NachDenkSeiten-Gastautor Wolf Wetzel[*] ist einer der profiliertesten Experten zum Thema NSU-Komplex. Aktuell fasst Wetzel seine fünfjährige Recherche zum Thema für unsere Leser zusammen. Im ersten Teil dieser Aufarbeitung soll es heute um den Tod der beiden Rechtsterroristen Mundlos und Böhnhardt gehen; also um die Vorgänge, die sich vor ziemlich genau fünf Jahren in Eisenach abgespielt haben.
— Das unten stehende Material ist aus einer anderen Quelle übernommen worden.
(* Let $G$ and $H$ be graphs, let $H_{ni}$ be the set of non-isolated vertices of $H$, and for $y\in H_{ni}$ let $N_y$ be the induced subgraph of $H$ on the vertices adjacent to $y$. Then $$\mathcal A_{lc}(\Sigma G,H)\cong\bigoplus_{y\in H_{ni}}\mathcal A_{lc}(G,N_y).$$ In particular, if $H$ is vertex transitive and $y$ is any vertex of $H$ with neighborhood $N$, then $\mathcal A_{lc}(\Sigma G,H)\cong\mathcal A_{lc}(G,N)^{|H|}$ (the direct sum of $|V(H)|$ copies).
   Context: Graphs are finite with symmetric edge sets; write $v\sim w$ for adjacency. The suspension $\Sigma G$ is obtained from $G$ by adding one new vertex adjacent to every vertex of $G$. For graphs $G,H$, $\mathcal A_{lc}(G,H)$ is the unital complex algebra generated by $e_{v,x}$ ($v\in V(G)$, $x\in V(H)$) with relations: $\sum_{x}e_{v,x}=1$; $e_{v,x}^2=e_{v,x}$; $e_{v,x}e_{v,y}=0$ for $x\ne y$; $e_{v,x}e_{w,y}=0$ if $v\sim w$ and $x\not\sim y$; $e_{v,x}e_{w,y}=e_{w,y}e_{v,x}$ if $v\sim w$. *)

theory Defs
  imports Complex_Main
begin

text \<open>A (finite) graph is a finite vertex set V with a symmetric adjacency
relation E supported on V.  Loops are permitted (the paper only requires
symmetric edge sets).\<close>

definition graph :: "'a set \<Rightarrow> ('a \<Rightarrow> 'a \<Rightarrow> bool) \<Rightarrow> bool" where
  "graph V E \<longleftrightarrow> finite V \<and> (\<forall>v w. E v w \<longrightarrow> v \<in> V \<and> w \<in> V \<and> E w v)"

text \<open>Suspension: new vertex None adjacent to every (old) vertex Some v.\<close>

definition susp_V :: "'a set \<Rightarrow> 'a option set" where
  "susp_V V = insert None (Some ` V)"

definition susp_E :: "'a set \<Rightarrow> ('a \<Rightarrow> 'a \<Rightarrow> bool) \<Rightarrow> 'a option \<Rightarrow> 'a option \<Rightarrow> bool" where
  "susp_E V E a b = (case (a, b) of
       (Some v, Some w) \<Rightarrow> E v w
     | (None, Some w) \<Rightarrow> w \<in> V
     | (Some v, None) \<Rightarrow> v \<in> V
     | (None, None) \<Rightarrow> False)"

definition nbhd_V :: "'b set \<Rightarrow> ('b \<Rightarrow> 'b \<Rightarrow> bool) \<Rightarrow> 'b \<Rightarrow> 'b set" where
  "nbhd_V W F y = {x \<in> W. F y x}"

definition nbhd_E :: "'b set \<Rightarrow> ('b \<Rightarrow> 'b \<Rightarrow> bool) \<Rightarrow> 'b \<Rightarrow> 'b \<Rightarrow> 'b \<Rightarrow> bool" where
  "nbhd_E W F y a b \<longleftrightarrow> F a b \<and> a \<in> nbhd_V W F y \<and> b \<in> nbhd_V W F y"

definition non_isolated :: "'b set \<Rightarrow> ('b \<Rightarrow> 'b \<Rightarrow> bool) \<Rightarrow> 'b set" where
  "non_isolated W F = {y \<in> W. \<exists>x. F y x}"

definition vertex_transitive :: "'b set \<Rightarrow> ('b \<Rightarrow> 'b \<Rightarrow> bool) \<Rightarrow> bool" where
  "vertex_transitive W F \<longleftrightarrow>
     (\<forall>y\<in>W. \<forall>y'\<in>W. \<exists>\<sigma>. bij_betw \<sigma> W W \<and> (\<forall>a\<in>W. \<forall>b\<in>W. F a b \<longleftrightarrow> F (\<sigma> a) (\<sigma> b)) \<and> \<sigma> y = y')"
(* Let $L>0$ and let $\alpha,\beta:\mathbb{R}\to\mathbb{R}^2$ be smooth $L$-periodic maps with $\alpha'$ nowhere zero, $\langle\beta,\alpha'\rangle = 0$ and $|\alpha'|^2+|\beta|^2=1$. Let $\gamma(t,s) = \tfrac12(\alpha(s+t)+\alpha(s-t)) + \tfrac12\int_{s-t}^{s+t}\beta(\xi)\,d\xi$, $a=\alpha'+\beta$, $b=\alpha'-\beta$, and let $\psi,\tilde\psi:\mathbb{R}\to\mathbb{R}$ be smooth functions with $a = (\cos\psi,\sin\psi)$ and $b = -(\cos\tilde\psi,\sin\tilde\psi)$. Assume that the closed curve $\alpha$ has non-zero rotation index and that the unit tangent map is continuous. If $\psi(s_0) = \psi(s_1) = \tilde\psi(r_0)$ for some $s_0,s_1,r_0$ with $0 < s_1 - s_0 < L$, then $\psi$ is constant on $(s_0,s_1)$.
   Context: The unit tangent map is $U(t,s) = \gamma_{,s}(t,s)/|\gamma_{,s}(t,s)|$, defined where $\gamma_{,s}(t,s)\neq 0$; note $2\gamma_{,s}(t,s) = a(s+t)+b(s-t)$. "The unit tangent map is continuous" means that for every $t\in\mathbb{R}$, $s\mapsto U(t,s)$ extends to a continuous map on all of $\mathbb{R}$. The rotation index of $\alpha$ is the degree of $\alpha'/|\alpha'|$ as a map from $\mathbb{R}/L\mathbb{Z}$ to the unit circle; $a$ and $b$ have the same degree $d$, so $\psi(s+L)-\psi(s) = \tilde\psi(s+L)-\tilde\psi(s) = 2\pi d$. *)

theory Defs
  imports "HOL-Complex_Analysis.Complex_Analysis"
begin

text \<open>The plane R^2 is modelled by the complex numbers; (x,y) corresponds to Complex x y,
  so (cos p, sin p) is cis p and the Euclidean inner product is the inner product on complex.\<close>

definition vderiv :: "(real \<Rightarrow> 'a::real_normed_vector) \<Rightarrow> real \<Rightarrow> 'a" where
  "vderiv f = (\<lambda>x. vector_derivative f (at x))"

definition smooth_fun :: "(real \<Rightarrow> 'a::real_normed_vector) \<Rightarrow> bool" where
  "smooth_fun f \<longleftrightarrow> (\<forall>n x. (vderiv ^^ n) f differentiable (at x))"

definition oint :: "real \<Rightarrow> real \<Rightarrow> (real \<Rightarrow> complex) \<Rightarrow> complex" where
  "oint u v f = (if u \<le> v then integral {u..v} f else - integral {v..u} f)"

definition gam :: "(real \<Rightarrow> complex) \<Rightarrow> (real \<Rightarrow> complex) \<Rightarrow> real \<Rightarrow> real \<Rightarrow> complex" where
  "gam \<alpha> \<beta> t s = (\<alpha> (s + t) + \<alpha> (s - t)) / 2 + oint (s - t) (s + t) \<beta> / 2"

definition gam_s :: "(real \<Rightarrow> complex) \<Rightarrow> (real \<Rightarrow> complex) \<Rightarrow> real \<Rightarrow> real \<Rightarrow> complex" where
  "gam_s \<alpha> \<beta> t s = vderiv (\<lambda>s'. gam \<alpha> \<beta> t s') s"

definition unit_tangent :: "(real \<Rightarrow> complex) \<Rightarrow> (real \<Rightarrow> complex) \<Rightarrow> real \<Rightarrow> real \<Rightarrow> complex" where
  "unit_tangent \<alpha> \<beta> t s = gam_s \<alpha> \<beta> t s / of_real (cmod (gam_s \<alpha> \<beta> t s))"

text \<open>The unit tangent map is continuous: for every t, s \<mapsto> U(t,s), defined where
  gamma_s(t,s) is nonzero, extends to a continuous map on all of R.\<close>
definition unit_tangent_continuous :: "(real \<Rightarrow> complex) \<Rightarrow> (real \<Rightarrow> complex) \<Rightarrow> bool" where
  "unit_tangent_continuous \<alpha> \<beta> \<longleftrightarrow>
     (\<forall>t. \<exists>g. continuous_on UNIV g \<and>
        (\<forall>s. gam_s \<alpha> \<beta> t s \<noteq> 0 \<longrightarrow> g s = unit_tangent \<alpha> \<beta> t s))"

text \<open>Rotation index of the L-periodic closed curve alpha: the degree of alpha'/|alpha'|
  on R/LZ, i.e. the winding number of the closed path alpha' over one period around 0.\<close>
definition rotation_index :: "real \<Rightarrow> (real \<Rightarrow> complex) \<Rightarrow> complex" where
  "rotation_index L \<alpha> = winding_number (\<lambda>u. vderiv \<alpha> (L * u)) 0"

end

theory Submission
  imports Defs
begin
»Es war ein Zufall, der die größte rechtsterroristische Terrorgruppe auffliegen ließ. Und es war Rentner Stutzke. Am Morgen des 4. November 2011 kam er aus dem Supermarkt in Eisenach, zwei Flaschen Wasser, Bananen, Brötchen in der Tüte, als er zwei Polizisten erzählte: Ja, er habe zwei Männer gesehen, wie sie Fahrräder in ein Wohnmobil luden und losdüsten. Dann wies der Mann den Beamten den Weg, den das Wohnmobil genommen hatte. Kurz darauf entdeckte eine Streife die Rechtsterroristen Uwe Mundlos und Uwe Böhnhardt.« (morgenpost.de vom 5.11.2015)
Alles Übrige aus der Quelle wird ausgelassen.